# gestrichelte Linie



## Braveheart (24. September 2003)

habe wahrscheinlich eine ziemlich einfache Frage....ich benötige eine einfache, gestrichelte Linie und habe bisland noch nicht herausfinden können, wie ich das realisieren kann...


----------



## Michael Och (24. September 2003)

1. Hi
2. Bitte nicht alles klein schreiben!
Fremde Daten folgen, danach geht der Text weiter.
lemma nn_path_eventually_confined:
  assumes p: "nn_path p" and a: "infinite {k. p k = a}" and b: "infinite {k. p k = b}"
    and below: "finite {k. p k = a - 1}" and above: "finite {k. p k = b + 1}"
  shows "\<exists>T. \<forall>k\<ge>T. a \<le> p k \<and> p k \<le> b"
proof -
  obtain T where T: "{k. p k = a - 1} \<union> {k. p k = b + 1} \<subseteq> {..<T}"
    using finite_nat_bounded[of "{k. p k = a - 1} \<union> {k. p k = b + 1}"] below above by auto
  have "a \<le> p k \<and> p k \<le> b" if "T \<le> k" for k
  proof (intro conjI; rule ccontr)
    assume "\<not> a \<le> p k"
    obtain k' where "k' > k" "p k' = a" using a unfolding infinite_nat_iff_unbounded by auto
    then obtain j where "j \<ge> k" "p j = a - 1"
      using nn_path_intermediate_value[OF p, of k k' "a - 1"] \<open>\<not> a \<le> p k\<close> by auto
    then show False using T that by auto
  next
    assume "\<not> p k \<le> b"
    obtain k' where "k' > k" "p k' = b" using b unfolding infinite_nat_iff_unbounded by auto
    then obtain j where "j \<ge> k" "p j = b + 1"
      using nn_path_intermediate_value[OF p, of k k' "b + 1"] \<open>\<not> p k \<le> b\<close> by auto
    then show False using T that by auto
  qed
  then show ?thesis by blast
qed

section \<open>Events determined by an initial segment of the walk\<close>

locale walk_law = prob_space M
  for M :: "'a measure" +
  fixes \<alpha> \<beta> :: real and X :: "nat \<Rightarrow> 'a \<Rightarrow> int"
  assumes measurable_X: "\<And>i. X i \<in> measurable M (count_space UNIV)"
    and measure_initial_segment:
      "\<And>n p. measure M {\<omega> \<in> space M. \<forall>i\<le>n. X i \<omega> = p i} = path_prob \<alpha> \<beta> p n"
begin

definition traj :: "'a \<Rightarrow> nat \<Rightarrow> int" where
  "traj \<omega> = (\<lambda>i. X i \<omega>)"

definition cylinder :: "(nat \<Rightarrow> int) \<Rightarrow> nat \<Rightarrow> 'a set" where
  "cylinder p N = {\<omega> \<in> space M. \<forall>i\<le>N. X i \<omega> = p i}"

lemma sets_cylinder: "cylinder p N \<in> sets M"
proof -
  have "{\<omega> \<in> space M. X i \<omega> = p i} \<in> sets M" for i
  proof -
    have "X i -` {p i} \<inter> space M \<in> sets M" by (rule measurable_sets[OF measurable_X]) simp
    moreover have "{\<omega> \<in> space M. X i \<omega> = p i} = X i -` {p i} \<inter> space M" by auto
    ultimately show ?thesis by simp
  qed
  then have "{\<omega> \<in> space M. \<forall>i\<in>{..N}. X i \<omega> = p i} \<in> sets M"
    by (intro sets.sets_Collect_finite_All') auto
  moreover have "cylinder p N = {\<omega> \<in> space M. \<forall>i\<in>{..N}. X i \<omega> = p i}"
    unfolding cylinder_def by auto
  ultimately show ?thesis by (simp only:)
qed

lemma measure_cylinder: "measure M (cylinder p N) = path_prob \<alpha> \<beta> p N"
  unfolding cylinder_def by (rule measure_initial_segment)

lemma disjoint_family_on_cylinder: "disjoint_family_on (\<lambda>p. cylinder p N) (nn_paths N)"
  unfolding disjoint_family_on_def
proof (intro ballI impI)
  fix p q assume p: "p \<in> nn_paths N" and q: "q \<in> nn_paths N" and "p \<noteq> q"
  then obtain i where "p i \<noteq> q i" by (meson ext)
  moreover have "\<forall>i>N. p i = q i" using p q unfolding nn_paths_def by auto
  ultimately have "i \<le> N" "p i \<noteq> q i" by (auto simp: not_le[symmetric])
  then show "cylinder p N \<inter> cylinder q N = {}" unfolding cylinder_def by auto
qed

definition determined_upto :: "nat \<Rightarrow> (nat \<Rightarrow> int) set \<Rightarrow> bool" where
  "determined_upto N A \<longleftrightarrow> (\<forall>p q. (\<forall>i\<le>N. p i = q i) \<longrightarrow> (p \<in> A \<longleftrightarrow> q \<in> A))"
lemma half_translation_mem_of_translation:
  assumes "(p, 1) \<in> G" "0 < p" "p < 2^e"
  shows "(2^(e-1), 1) \<in> G"
proof -
  obtain r m where p: "p = 2^r * m" "odd m"
    using ex_two_power_mult_odd assms(2) by blast
  have "2^r \<le> p"
    unfolding p(1) using odd_pos[OF p(2)] by simp
  then have "(2::nat)^r < 2^e"
    using assms(3) by linarith
  then have "(2::nat)^r * 2^(e-1-r) = 2^(e-1)"
    by (simp flip: power_add)
  then have "(p * 2^(e-1-r)) mod 2^e = 2^(e-1)"
    using two_power_pred_mult_odd_mod[OF _ p(2), of e] two_le_e p(1) by (simp add: ac_simps)
  moreover have "(p, 1) [^]\<^bsub>Hol e\<^esub> (2::nat)^(e-1-r) = ((p * 2^(e-1-r)) mod 2^e, 1)"
    using Hol_pow_translation two_le_e by simp
  moreover have "(p, 1) [^]\<^bsub>Hol e\<^esub> (2::nat)^(e-1-r) \<in> G"
    using H.subgroup_nat_pow_closed[OF subgroup_G assms(1)] .
  ultimately show ?thesis
    by simp
qed

lemma half_translation_mem: "(2^(e-1), 1) \<in> G"
proof -
  obtain b where b: "(0, b) \<in> G" "b \<noteq> 1"
    by (rule ex_nontrivial_stabiliser)
  obtain a where a: "(1, a) \<in> G"
    by (rule ex_mem_G_with_fst_one)
  have "(0, b) \<otimes>\<^bsub>Hol e\<^esub> (1, a) \<in> G" "(1, a) \<otimes>\<^bsub>Hol e\<^esub> (0, b) \<in> G"
    using a b subgroup.m_closed[OF subgroup_G] by blast+
  moreover have "b < 2^e" "odd b"
    using b mem_G_bounds by auto
  ultimately have "(b, (b * a) mod 2^e) \<in> G" "(1, (b * a) mod 2^e) \<in> G"
    using one_less_two_power[of e] two_le_e by (simp_all add: mult.commute)
  then have "((b + 2^e - 1) mod 2^e, 1) \<in> G"
    by (rule translation_mem_of_same_snd)
  moreover have "b + 2^e - 1 = (b - 1) + 2^e"
    using odd_pos[OF \<open>odd b\<close>] by simp
  moreover have p: "0 < b - 1" "b - 1 < 2^e"
    using b(2) \<open>b < 2^e\<close> odd_pos[OF \<open>odd b\<close>] by simp_all
  ultimately have "(b - 1, 1) \<in> G"
    by (simp only: mod_add_self2 mod_less)
  then show ?thesis
    using p by (rule half_translation_mem_of_translation)
qed

lemma subgroup_Z: "subgroup Z (Hol e)"
  by (rule H.incl_subgroup[OF subgroup_G subgroup_centre[OF H.subgroup_imp_group[OF subgroup_G]]])

lemma central_mem_G: "z \<in> Z \<Longrightarrow> z \<in> G"
  by (simp add: centre_def)

lemma central_commute: "z \<in> Z \<Longrightarrow> g \<in> G \<Longrightarrow> z \<otimes>\<^bsub>Hol e\<^esub> g = g \<otimes>\<^bsub>Hol e\<^esub> z"
  by (simp add: centre_def)

lemma half_translation_central: "(2^(e-1), 1) \<in> Z"
proof -
  have "(2^(e-1), 1) \<otimes>\<^bsub>Hol e\<^esub> g = g \<otimes>\<^bsub>Hol e\<^esub> (2^(e-1), 1)" if "g \<in> G" for g
  proof -
    obtain u a where g: "g = (u, a)"
      by (cases g)
    then have "odd a" "a < 2^e"
      using that mem_G_bounds by auto
    have "(u + 2^(e-1) * a) mod 2^e = (u + (2^(e-1) * a) mod 2^e) mod 2^e"
      by (simp add: mod_add_right_eq)
    also have "\<dots> = (2^(e-1) + u) mod 2^e"
      using two_power_pred_mult_odd_mod[of e a] two_le_e \<open>odd a\<close> by (simp add: add.commute)
    finally show ?thesis
      using g \<open>a < 2^e\<close> by (simp add: mult.commute)
  qed
  then show ?thesis
    using half_translation_mem unfolding centre_def by simp
qed

lemma central_fst_add_snd:
  assumes "(c, d) \<in> Z" "(1, a) \<in> G"
  shows "(c + d) mod 2^e = (1 + c * a) mod 2^e"
  using central_commute[OF assms] by simp

lemma central_eq_of_fst_eq:
  assumes "(c, d) \<in> Z" "(c, d') \<in> Z"
  shows "d = d'"
proof -
  obtain a where "(1, a) \<in> G"
    by (rule ex_mem_G_with_fst_one)
  then have "(c + d) mod 2^e = (c + d') mod 2^e"
    using central_fst_add_snd assms by simp
  then have "d mod 2^e = d' mod 2^e"
    by (simp add: nat_mod_eq_iff)
  moreover have "d < 2^e" "d' < 2^e"
    using assms central_mem_G mem_G_bounds by blast+
  ultimately show ?thesis
    by simp
qed

lemma central_fst_even:
  assumes "(c, d) \<in> Z"
  shows "even c"
proof (rule ccontr)
  assume "odd c"
  obtain b where b: "(0, b) \<in> G" "b \<noteq> 1"
    by (rule ex_nontrivial_stabiliser)
  have "b < 2^e" "odd b"
    using b(1) mem_G_bounds by auto
  have "(c * b) mod 2^e = c mod 2^e"
    using central_commute[OF assms b(1)] by simp
  moreover have "c \<le> c * b"
    using odd_pos[OF \<open>odd b\<close>] by simp
  ultimately have "2^e dvd c * b - c"
    by (simp add: mod_eq_dvd_iff_nat)
  then have "2^e dvd c * (b - 1)"
    by (simp add: right_diff_distrib')
  moreover have "coprime (2^e) c"
    using \<open>odd c\<close> by simp
  ultimately have "2^e dvd b - 1"
    using coprime_dvd_mult_right_iff by blast
  then have "b - 1 = 0"
    using \<open>b < 2^e\<close> by (meson dvd_imp_le less_imp_diff_less not_le neq0_conv)
  then show False
    using b(2) odd_pos[OF \<open>odd b\<close>] by simp
qed

lemma central_snd_mod_4:
  assumes "(c, d) \<in> Z"
  shows "d mod 4 = 1"
proof -
  obtain a where a: "(1, a) \<in> G"
    by (rule ex_mem_G_with_fst_one)
  have "(4::nat) dvd 2^e"
    using le_imp_power_dvd[OF two_le_e, of 2] by simp
  then have "(c + d) mod 4 = (1 + c * a) mod 4"
    using central_fst_add_snd[OF assms a] by (metis mod_mod_cancel)
  moreover obtain k l where "c = 2 * k" "a = 2 * l + 1"
    using central_fst_even[OF assms] mem_G_bounds[OF a] by (auto elim!: evenE oddE)
  ultimately have "(2 * k + d) mod 4 = (1 + 2 * k + 4 * (k * l)) mod 4"
    by (simp add: algebra_simps)
  then show ?thesis
    by presburger
qed
lemma psi_svd_formula:
  fixes U V :: "real^'n^'n" and W p :: "'n::finite cmat"
  assumes U: "orthogonal_matrix U" and V: "orthogonal_matrix V" and s: "\<And>j. s j > 0"
    and W_sym: "transpose (cplx (diag_mat s) ** W) = cplx (diag_mat s) ** W"
    and WW: "W ** transpose W = cplx V ** (p ** transpose p) ** cplx (transpose V)"
    and W: "norm (W - mat 1) < 1"
  shows "psi (cplx (U ** diag_mat s ** V) ** p) = cplx U ** matrix_inv W ** cplx V ** p"
proof -
  define D where "D = cplx (diag_mat s)"
  define h where "h = cplx (U ** diag_mat s ** V) ** p"
  define S where "S = cplx U ** (D ** W) ** cplx (transpose U)"
  have U_cancel: "X ** cplx (transpose U) ** cplx U = X" for X :: "'n cmat"
    by (simp add: matrix_mul_assoc[symmetric] cplx_orthogonal_inverse[OF U])
  have W_cancel: "X ** W ** matrix_inv W = X" for X :: "'n cmat"
    using matrix_inv_inverse(1)[OF invertible_near_identity[OF W]]
    by (simp add: matrix_mul_assoc[symmetric])
  have "S ** S = cplx U ** ((D ** W) ** transpose (D ** W)) ** cplx (transpose U)"
    using W_sym by (simp add: S_def D_def matrix_mul_assoc U_cancel)
  also have "\<dots> = cplx U ** D ** (W ** transpose W) ** D ** cplx (transpose U)"
    by (simp add: D_def matrix_transpose_mul transpose_cplx matrix_mul_assoc)
  also have "\<dots> = h ** transpose h"
    by (simp add: WW h_def D_def matrix_transpose_mul transpose_cplx cplx_mult[symmetric]
        matrix_mul_assoc)
  finally have "psqrt (h ** transpose h) = S"
    using cmat_eigenvalue_diag_mult_Re_pos[OF U s W] by (intro psqrt_eqI) (simp_all add: S_def D_def)
  moreover have "invertible S"
    using cmat_eigenvalue_diag_mult_Re_pos[OF U s W, where c = 0]
    by (auto simp: invertible_iff_no_zero_eigenvalue S_def D_def)
  moreover have "S ** (cplx U ** matrix_inv W ** cplx V ** p) = h"
    by (simp add: S_def h_def D_def matrix_mul_assoc U_cancel W_cancel cplx_mult[symmetric])
  ultimately have "psi h = (matrix_inv S ** S) ** (cplx U ** matrix_inv W ** cplx V ** p)"
    by (simp add: psi_def matrix_mul_assoc[symmetric])
  then show ?thesis
    using matrix_inv_inverse(2)[OF \<open>invertible S\<close>] by (simp add: h_def)
qed

lemma norm_mult_transpose_sub_1_le:
  fixes p :: "'a::real_normed_algebra_1^'n^'n"
  assumes "norm (p - mat 1) \<le> 1"
  shows "norm (p ** transpose p - mat 1) \<le> 3 * norm (p - mat 1)"
proof -
  define e where "e = norm (p - mat 1)"
  have "p ** transpose p - mat 1
      = (p - mat 1) ** transpose (p - mat 1) + (p - mat 1) + transpose (p - mat 1)"
    by (simp add: transpose_diff matrix_diff_ldistrib matrix_diff_rdistrib)
  then have "norm (p ** transpose p - mat 1) \<le> norm ((p - mat 1) ** transpose (p - mat 1))
      + norm (p - mat 1) + norm (transpose (p - mat 1))"
    by (simp only:) (rule order_trans[OF norm_triangle_ineq add_right_mono[OF norm_triangle_ineq]])
  also have "\<dots> \<le> e * e + e + e"
    using norm_matrix_mult_le[of "p - mat 1" "transpose (p - mat 1)"]
    by (simp add: norm_transpose e_def)
  also have "\<dots> \<le> 3 * e"
    using assms mult_left_le_one_le[of e e] by (simp add: e_def)
  finally show ?thesis
    by (simp add: e_def)
qed
(* Let $p$ be an odd prime and $a,c$ positive integers such that $c$ is a primitive divisor of $p^a-1$. If $\tfrac{p^a-1}{c}$ is odd, then $$g\Big(\tfrac{p^{2a}-1}{2c},\,p^{2a}\Big)=2\,g\Big(\tfrac{p^a-1}{c},\,p^a\Big).$$
   Context: For a prime power $q$ and a positive integer $k$, the Waring number $g(k,q)$ is the smallest $s$ (if it exists) such that every element of $\mathbb{F}_q$ is a sum of $s$ $k$-th powers of elements of $\mathbb{F}_q$. An integer $e$ is a primitive divisor of $p^a-1$ if $e\mid p^a-1$ and $e\nmid p^t-1$ for every $1\le t<a$. *)

theory Defs
  imports "HOL-Computational_Algebra.Primes"
begin

definition sum_of_kth_powers :: "nat \<Rightarrow> nat \<Rightarrow> 'a::field \<Rightarrow> bool" where
  "sum_of_kth_powers k s x \<longleftrightarrow> (\<exists>f :: nat \<Rightarrow> 'a. x = (\<Sum>i<s. f i ^ k))"

text \<open>Waring number g(k,q) of the finite field 'a (with q = CARD('a)):
  the smallest s such that every element is a sum of s k-th powers.\<close>
definition waring_number :: "nat \<Rightarrow> 'a::{finite,field} itself \<Rightarrow> nat" where
  "waring_number k _ = (LEAST s. \<forall>x :: 'a. sum_of_kth_powers k s x)"

definition primitive_divisor :: "nat \<Rightarrow> nat \<Rightarrow> nat \<Rightarrow> bool" where
  "primitive_divisor e p a \<longleftrightarrow>
     e dvd p ^ a - 1 \<and> (\<forall>t. 1 \<le> t \<and> t < a \<longrightarrow> \<not> e dvd p ^ t - 1)"

end

theory Submission
  imports Defs "HOL-Library.Cardinality" "HOL-Algebra.Multiplicative_Group" "HOL-Computational_Algebra.Polynomial"
begin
Danke
3. Bei Photoshop aufs Verlaufswerkzeug gehen, da die Farben und Häuffigkeiten  der Linie einstellen, eine Rechtecksauswahl ziehen und darin mit dem Verlaufswerkzeug auffüllen.





MfG kingax


----------



## cocoon (24. September 2003)

Wenn es eine waagerecht, senkrecht oder diagonal verlaufende Linie werden soll, kannst Du es mit einem Muster machen.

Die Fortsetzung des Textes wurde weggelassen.